# Step 1 Data Preprocessing

Now that we have our data we can preprocess it. We will be using the spacy library to preprocess our data. We will be using the following steps to preprocess our data:

1. Remove non-english tokens
2. Remove noise from our data which includes things like:
    - Stop words
    - Punctuation
    - Entities like locations and currencies
    - Numbers
    - URLs
    - Emails
3. Lemmatize our data
4. Remove tokens that are too short or too long.

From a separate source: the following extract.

(* In the setting below, assume $\varphi(U)$ is an open box $\prod_{i=1}^n(-r_i,r_i)$. Then: (i) there exists a smooth $\hat h$ on $\varphi(U)$ satisfying $\frac{\partial\hat h}{\partial q^\mu}=u_\mu$ for all $\mu=1,\dots,n-m$ if and only if $\frac{\partial u_\nu}{\partial q^\mu}=\frac{\partial u_\mu}{\partial q^\nu}$ on $\varphi(U)$ for all $\mu,\nu\le n-m$ (equivalently, in coordinate-free terms, $\mathrm d\big(\mathrm dh\circ\mathbb F(\mathfrak K\circ\hat{\mathfrak p})\circ(\mathbb F\mathfrak H)^{-1}\big)(\mathsf u,\mathsf v)=0$ for all $\mathsf u,\mathsf v\in\mathbb F\mathfrak H(\hat W)$); (ii) in that case, for every constant $\varpi$, the function $$\hat h(q^1,\dots,q^n)=\sum_{\mu=1}^{n-m}\int_0^{q^\mu}u_\mu(0,\dots,0,t,q^{\mu+1},\dots,q^n)\,\mathrm dt+\frac{\varpi}{2}\sum_{a=1}^m(q^{n-m+a})^2$$ (with $t$ in the $\mu$-th slot) is such a solution; (iii) a solution $\hat h$ having $\mathbf 0$ as a critical point with positive-definite Hessian exists if and only if the matrix $\mathbb M_{\mu\nu}:=\frac{\partial u_\nu}{\partial q^\mu}(\mathbf 0)=\frac{\partial^2h}{\partial q^\mu\partial q^k}(\mathbf 0)\hat{\mathbb P}^{k\tau}(\mathbf 0)\mathbb K_{\tau\nu}(\mathbf 0)$ is positive-definite; and when $\mathbb M$ is positive-definite with least eigenvalue $\lambda_{\min}$, the function in (ii) has this property as soon as $$\varpi>\frac{1}{\lambda_{\min}}\sum_{\mu=1}^{n-m}\sum_{a=1}^m\Big(\frac{\partial u_\mu}{\partial q^{n-m+a}}(\mathbf 0)\Big)^2.$$
   Context: Setting: $\mathfrak H$ is a quadratic form on $T^*Q$ ($Q$ a smooth $n$-manifold), i.e. $\mathfrak H(\alpha)=\tfrac12\langle\alpha,\rho^\sharp(\alpha)\rangle$ for a smooth positive-definite fibered inner product $\rho$ on $TQ$; $\mathbb F\mathfrak H=\rho^\sharp:T^*Q\to TQ$ is its fiber derivative ($\langle\beta,\mathbb Ff(\alpha)\rangle=\frac{d}{dt}f(\alpha+t\beta)|_{t=0}$ for smooth $f$ on $T^*Q$). $h:Q\to\mathbb R$ is smooth, $W\subseteq T^*Q$ is a subbundle of rank $m$, $1\le m<n$. $q_0$ is a critical point of $h$ and $(U,\varphi=(q^1,\dots,q^n))$ is a chart with $\varphi(q_0)=\mathbf 0$ such that $\hat W:=(\mathbb F\mathfrak H)^{-1}(\mathrm{span}\{\partial/\partial q^1,\dots,\partial/\partial q^{n-m}\})$ is a complement of $W$ on $U$, with $\hat{\mathfrak p}$ the projection onto $\hat W$ along $W$. $\mathfrak K$ is a quadratic form on $\hat W$ (in applications a solution of the kinetic equation $\{\mathfrak K\circ\hat{\mathfrak p},\mathfrak H\}|_{\hat W}=0$, $\{\cdot,\cdot\}$ the canonical Poisson bracket). The equation $\partial\hat h/\partial q^\mu=u_\mu$ is the local form of the potential matching equation $\big(\mathrm d\hat h\circ\mathbb F\mathfrak H-\mathrm dh\circ\mathbb F(\mathfrak K\circ\hat{\mathfrak p})\big)(\sigma)=0$ for all $\sigma\in\hat W$. Indices: $k\in\{1,\dots,n\}$, Greek indices in $\{1,\dots,n-m\}$, $a\in\{1,\dots,m\}$, summation over repeated indices. $\mathbb H_{ij}:=\langle(\mathbb F\mathfrak H)^{-1}(\partial/\partial q^i),\partial/\partial q^j\rangle$; $\sigma_\mu:=\mathbb H_{\mu k}\mathrm dq^k$ is a basis of $\hat W$; $\hat{\mathbb P}^{k\mu}$ is defined by $\hat{\mathfrak p}(\mathrm dq^k)=\hat{\mathbb P}^{k\mu}\sigma_\mu$; $\mathbb K_{\mu\nu}$ is defined by $\mathfrak K(a^\mu\sigma_\mu)=\tfrac12\mathbb K_{\mu\nu}a^\mu a^\nu$. Functions on $U$ are identified with their local representatives, and $u_\mu:=\frac{\partial h}{\partial q^k}\hat{\mathbb P}^{k\tau}\mathbb K_{\tau\mu}$. *)

theory Defs
  imports "HOL-Analysis.Analysis"
begin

The range i chose was 15-60 tokens per description
5. Remove duplicate keywords from our industry dataset



### Cell 1 - Imports

In [3]:
# # # # IMPORTS # # # #

from tqdm import tqdm
import spacy
from spacy import displacy
import pandas as pd
import numpy as np
from matplotlib import pyplot as plt


### Cell 2 - Load Data

In [None]:

with open(r'C:\Users\imran\DataspellProjects\WalidCase\data\raw\30k_startups_raw.csv', 'r', encoding='utf-8', errors='ignore') as f:
    raw_startups = pd.read_csv(f)

mask = raw_startups['cb_description'].apply(lambda x: len(x.split()) >= 30)
raw_startups = raw_startups.loc[mask]
raw_startups.rename(columns={'cb_short_description': 'cb_description'}, inplace=True)

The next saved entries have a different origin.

(* Let $\alpha\in(d-1,d]$. There exist constants $C_1=C_1(d)>0$ and $C_2=C_2(d,\alpha)>0$ such that for every bounded set $A\subset\mathbb{R}^d$ with $\mathcal{H}^{\alpha}(A)<a$ (where $a>0$) and every $\varepsilon>0$ there exists a supercovering $\mathfrak{B}$ of $A$ such that: 1) the center of every ball of $\mathfrak{B}$ lies in $A$ and its radius does not exceed $\varepsilon$; 2) $\mathfrak{B}$ can be split into $C_1$ subfamilies $\mathfrak{B}^1,\ldots,\mathfrak{B}^{C_1}$, each of which is a disjoint family of balls, satisfying $$\sum_{B_{r_i}(x_i)\in\mathfrak{B}^j} r_i^{\alpha}\leq C_2 a,\qquad j=1,2,\ldots,C_1.$$
   Context: A family $\mathfrak{B}$ of open Euclidean balls is called a supercovering of a set $A\subset\mathbb{R}^d$ if $A\subset\bigcup_{B_{r_j}(x_j)\in\mathfrak{B}} B_{r_j/3}(x_j)$, where $B_r(x)$ is the open ball of radius $r$ centered at $x$. A disjoint family of balls is one in which no two balls intersect. $\mathcal{H}^\alpha$ is the $\alpha$-dimensional Hausdorff measure. *)

theory Defs
  imports "HOL-Analysis.Analysis"
begin

definition hausdorff_const :: "real \<Rightarrow> real" where
  "hausdorff_const \<alpha> = pi powr (\<alpha> / 2) / Gamma (\<alpha> / 2 + 1)"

raw_industries = pd.read_csv(r'C:\Users\imran\DataspellProjects\WalidCase\data\processed\industry_dataset_clean.csv', sep='\t')


In [14]:
raw_startups = pd.read_csv(r'C:\Users\imran\DataspellProjects\WalidCase\data\raw\30k_startups_raw.csv', encoding='utf-8', error_bad_lines=False)
raw_industries = pd.read_csv(r'C:\Users\imran\DataspellProjects\WalidCase\data\processed\industry_dataset_clean.csv', sep='\t')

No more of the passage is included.